[Dataset items]
lemma zero_product_jordan_separated_lop:
  "zero_product_jordan_separated (app -` \<A>) (\<lambda>t. Lop (\<phi> (app t))) (Lop J) (range (\<lambda>x. Lop (rank_one x)))"
proof -
  interpret lop: unital_subalgebra "app -` \<A>" by (rule unital_subalgebra_lop)
  show ?thesis
  proof unfold_locales
    fix x assume "x \<in> app -` \<A>"
    then show "Lop (\<phi> (app x)) \<in> app -` \<A>" by (simp add: app_Lop_map alg_linear_mem[OF \<phi>])
  next
    fix x y assume x: "x \<in> app -` \<A>" and y: "y \<in> app -` \<A>"
    then have xy: "app (x + y) \<in> \<A>" by (simp add: add_mem)
    then show "Lop (\<phi> (app (x + y))) = Lop (\<phi> (app x)) + Lop (\<phi> (app y))"
      unfolding lop_eq_iff app_Lop_map[OF xy] using x y by (simp add: app_Lop_map alg_linear_add[OF \<phi>])
  next
    fix x a assume x: "x \<in> app -` \<A>"
    then have ax: "app (a *\<^sub>R x) \<in> \<A>" by (simp add: scaleR_mem)
    then show "Lop (\<phi> (app (a *\<^sub>R x))) = a *\<^sub>R Lop (\<phi> (app x))"
      unfolding lop_eq_iff app_Lop_map[OF ax] using x by (simp add: app_Lop_map alg_linear_scaleR[OF \<phi>])
  next
    fix A B assume "A \<in> app -` \<A>" "B \<in> app -` \<A>" "A * B = 0" "B * A = 0"
    then show "Lop (\<phi> (app A)) * B + B * Lop (\<phi> (app A)) + A * Lop (\<phi> (app B)) + Lop (\<phi> (app B)) * A = 0"
      using zero_jordan by (simp add: lop_eq_iff app_Lop_map jordan_def fun_eq_iff add.assoc)
  next
    show "Lop J \<in> app -` \<A>" by (simp add: J_mem)
  next
    fix x assume "x \<in> app -` \<A>"
    then show "Lop J * x = x * Lop J" by (simp add: lop_eq_iff fun_eq_iff mem_commute_J)
  next
    fix x assume x: "x \<in> app -` \<A>"
    have "J \<circ> app x \<in> \<A>" using x J_mem comp_mem by simp
    then show "Lop (\<phi> (app (Lop J * x))) = Lop J * Lop (\<phi> (app x))"
      using x by (simp add: lop_eq_iff app_Lop_map alg_linear_comp_J[OF \<phi>] app_Lop_mem comp_mem J_mem
          alg_linear_mem[OF \<phi>])
  next
    show "range (\<lambda>x. Lop (rank_one x)) \<subseteq> app -` \<A>" by (auto simp: rank_one_mem)
  next
    fix T e assume "T \<in> app -` \<A>" and "e \<in> range (\<lambda>x. Lop (rank_one x))"
    then show "T * e \<in> range (\<lambda>x. Lop (rank_one x))" by (auto simp: lop_mult_rank_one)
  next
    fix W assume "\<And>e. e \<in> range (\<lambda>x. Lop (rank_one x)) \<Longrightarrow> W * e = 0"
    then show "W = 0" by (rule lop_rank_one_separating) blast
  next
    fix e assume "e \<in> range (\<lambda>x. Lop (rank_one x))"
    then show "\<exists>P1 P2 a b. minimal_idempotent (app -` \<A>) P1 \<and> minimal_idempotent (app -` \<A>) P2 \<and>
        e = P1 + a *\<^sub>R P2 + b *\<^sub>R (Lop J * P2)"
      using lop_rank_one_span by blast
  qed
qed

lemma map_id_central:
  assumes T: "T \<in> \<A>"
  shows "\<phi> id \<circ> T = T \<circ> \<phi> id"
proof -
  interpret lop: zero_product_jordan_separated "app -` \<A>" "\<lambda>t. Lop (\<phi> (app t))" "Lop J"
      "range (\<lambda>x. Lop (rank_one x))"
    by (rule zero_product_jordan_separated_lop)
  show ?thesis
    using arg_cong[OF lop.map_one_central[of "Lop T"], of app] T
    by (simp add: app_Lop_map app_Lop_mem id_mem)
qed

lemma map_comp_centered:
  assumes S: "S \<in> \<A>" and T: "T \<in> \<A>"
  shows "(\<lambda>x. \<phi> (S \<circ> T) x - \<phi> id (S (T x))) =
    (\<lambda>x. (\<phi> S (T x) - \<phi> id (S (T x))) + S (\<phi> T x - \<phi> id (T x)))"
proof -
  interpret lop: zero_product_jordan_separated "app -` \<A>" "\<lambda>t. Lop (\<phi> (app t))" "Lop J"
      "range (\<lambda>x. Lop (rank_one x))"
    by (rule zero_product_jordan_separated_lop)
  show ?thesis
    using arg_cong[OF lop.map_mult_centered[of "Lop S" "Lop T"], of app] S T
    by (simp add: app_Lop_map app_Lop_mem id_mem comp_mem)
qed

end

end

context standard_operator_algebra
begin
text \<open>
  Buying beyond the largest demand only costs money, so the supremum over \<open>q \<ge> 0\<close> is
  attained on \<open>[0, d\<^sub>I - Q]\<close>. Between two consecutive kinks \<open>d\<^sub>i - Q\<close> every outcome
  \<open>-\<pi> q + L(Q + q - d\<^sub>i) - R\<^sub>p\<close> is affine in \<open>q\<close>. For \<open>R\<^sub>p = 0\<close> all outcomes are losses,
  where \<open>v\<close> is convex, so \<open>U\<close> is convex on each such interval and is maximised at a kink.
  For \<open>R\<^sub>p = \<kappa>(Q - d\<^sub>I)\<close> all outcomes strictly between the kinks are gains, where \<open>v\<close> is
  smooth, so an interior maximiser is a critical point.
\<close>

lemma pt_value_nonpos: "x \<le> 0 \<Longrightarrow> 0 < beta \<Longrightarrow> pt_value beta lam x = - lam * (- x) powr beta"
  by (cases "x = 0") (auto simp: pt_value_def)

lemma pt_value_eq_powr_parts:
  "0 < beta \<Longrightarrow> pt_value beta lam x = max x 0 powr beta - lam * max (- x) 0 powr beta"
  by (auto simp: pt_value_def max_def)

lemma continuous_on_pt_value:
  assumes "0 < beta"
  shows "continuous_on UNIV (pt_value beta lam)"
proof -
  have "continuous_on UNIV (\<lambda>x. max x 0 powr beta - lam * max (- x) 0 powr beta)"
    using assms by (intro continuous_intros continuous_on_powr') auto
  then show ?thesis
    using assms by (simp add: pt_value_eq_powr_parts)
qed

lemma pt_value_mono:
  assumes "0 < beta" "0 \<le> lam" "x \<le> y"
  shows "pt_value beta lam x \<le> pt_value beta lam y"
proof -
  have "max x 0 powr beta \<le> max y 0 powr beta" "max (- y) 0 powr beta \<le> max (- x) 0 powr beta"
    using assms by (auto intro: powr_mono2)
  then show ?thesis
    using assms by (simp add: pt_value_eq_powr_parts mult_left_mono diff_mono)
qed

lemma pt_value_differentiable:
  assumes "x \<noteq> 0"
  shows "pt_value beta lam differentiable at x"
proof (cases "0 < x")
  case True
  have "(\<lambda>y. y powr beta) differentiable at x"
    using True by (auto simp: real_differentiable_def intro!: has_real_derivative_powr)
  then show ?thesis
    using True
    by (rule differentiable_transform_within[where d = x]) (auto simp: pt_value_def dist_real_def)
next
  case False
  then have "0 < - x" using assms by simp
  have "(\<lambda>y. - lam * (- y) powr beta) differentiable at x"
    using \<open>0 < - x\<close> by (auto simp: real_differentiable_def intro!: derivative_eq_intros)
  then show ?thesis
    using \<open>0 < - x\<close>
    by (rule differentiable_transform_within[where d = "- x"]) (auto simp: pt_value_def dist_real_def)
qed
(* There exist numerical constants $c_1,c_0'>0$ such that, in the Gaussian $G$-latent setting below, with probability at least $1-c_0'/p$, $$|\langle W_2,B^*-B\rangle|\le c_1\sqrt{\log p}\,|\Gamma|_\infty^{1/2}\sum_{j\neq k}|\mathbf{Z}_{:j}-\mathbf{Z}_{:k}|_2\,|B_{G_jG_k}|_1$$ simultaneously for all $B\in\mathcal{C}_0$, where $W_2$ is the $p\times p$ matrix with $(W_2)_{ab}=\langle\mathbf{E}_{:b}-\mathbf{E}_{:a},\ \mathbf{Z}_{:k(a)}-\mathbf{Z}_{:k(b)}\rangle$.
   Context: Setting: $G=\{G_1,\dots,G_K\}$ is a partition of $[p]$ into nonempty groups, $k(a)$ the index with $a\in G_{k(a)}$. $X$ satisfies $X_a=Z_{k(a)}+E_a$, with $Z\sim N(0,C)$ in $\mathbb{R}^K$ and $E\sim N(0,\Gamma)$ in $\mathbb{R}^p$ independent, $\Gamma$ diagonal with $\Gamma_{aa}=\gamma_{k(a)}>0$. $n$ i.i.d. copies $(Z^{(i)},E^{(i)})$ are stacked as rows of the $n\times K$ matrix $\mathbf{Z}$ and the $n\times p$ matrix $\mathbf{E}$; $M_{:a}$ denotes column $a$. $|M|_\infty$ is the largest absolute entry; $B_{G_jG_k}=(B_{ab})_{a\in G_j,b\in G_k}$ and $|M|_1$ is the sum of absolute entries. $B^*_{ab}=1/|G_k|$ if $a,b\in G_k$, else $0$. $\langle M,N\rangle=\mathrm{tr}(M^tN)$. $\mathcal{C}_0$ is the set of symmetric positive semidefinite $p\times p$ matrices $B$ with $\sum_aB_{ab}=1$ for all $b$ and $B_{ab}\ge0$ for all $a,b$. *)

theory Defs
  imports "HOL-Probability.Probability"
begin

text \<open>Indices: variables a are in {..<p}, groups j in {..<K}, samples i in {..<n}.
  The partition G is encoded by the group-index map k (k a = index of the group of a).\<close>

definition is_partition_map :: "nat \<Rightarrow> nat \<Rightarrow> (nat \<Rightarrow> nat) \<Rightarrow> bool" where
  "is_partition_map p K k \<longleftrightarrow> (\<forall>a<p. k a < K) \<and> (\<forall>j<K. \<exists>a<p. k a = j)"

* _Task objective_
Return exactly, and only, the lines above starting at the line that contains "(\<phi> (app (a" and ending at the line that contains "(\<phi> (app (Lop".

* _Response_
    then show "Lop (\<phi> (app (a *\<^sub>R x))) = a *\<^sub>R Lop (\<phi> (app x))"
      unfolding lop_eq_iff app_Lop_map[OF ax] using x by (simp add: app_Lop_map alg_linear_scaleR[OF \<phi>])
  next
    fix A B assume "A \<in> app -` \<A>" "B \<in> app -` \<A>" "A * B = 0" "B * A = 0"
    then show "Lop (\<phi> (app A)) * B + B * Lop (\<phi> (app A)) + A * Lop (\<phi> (app B)) + Lop (\<phi> (app B)) * A = 0"
      using zero_jordan by (simp add: lop_eq_iff app_Lop_map jordan_def fun_eq_iff add.assoc)
  next
    show "Lop J \<in> app -` \<A>" by (simp add: J_mem)
  next
    fix x assume "x \<in> app -` \<A>"
    then show "Lop J * x = x * Lop J" by (simp add: lop_eq_iff fun_eq_iff mem_commute_J)
  next
    fix x assume x: "x \<in> app -` \<A>"
    have "J \<circ> app x \<in> \<A>" using x J_mem comp_mem by simp
    then show "Lop (\<phi> (app (Lop J * x))) = Lop J * Lop (\<phi> (app x))"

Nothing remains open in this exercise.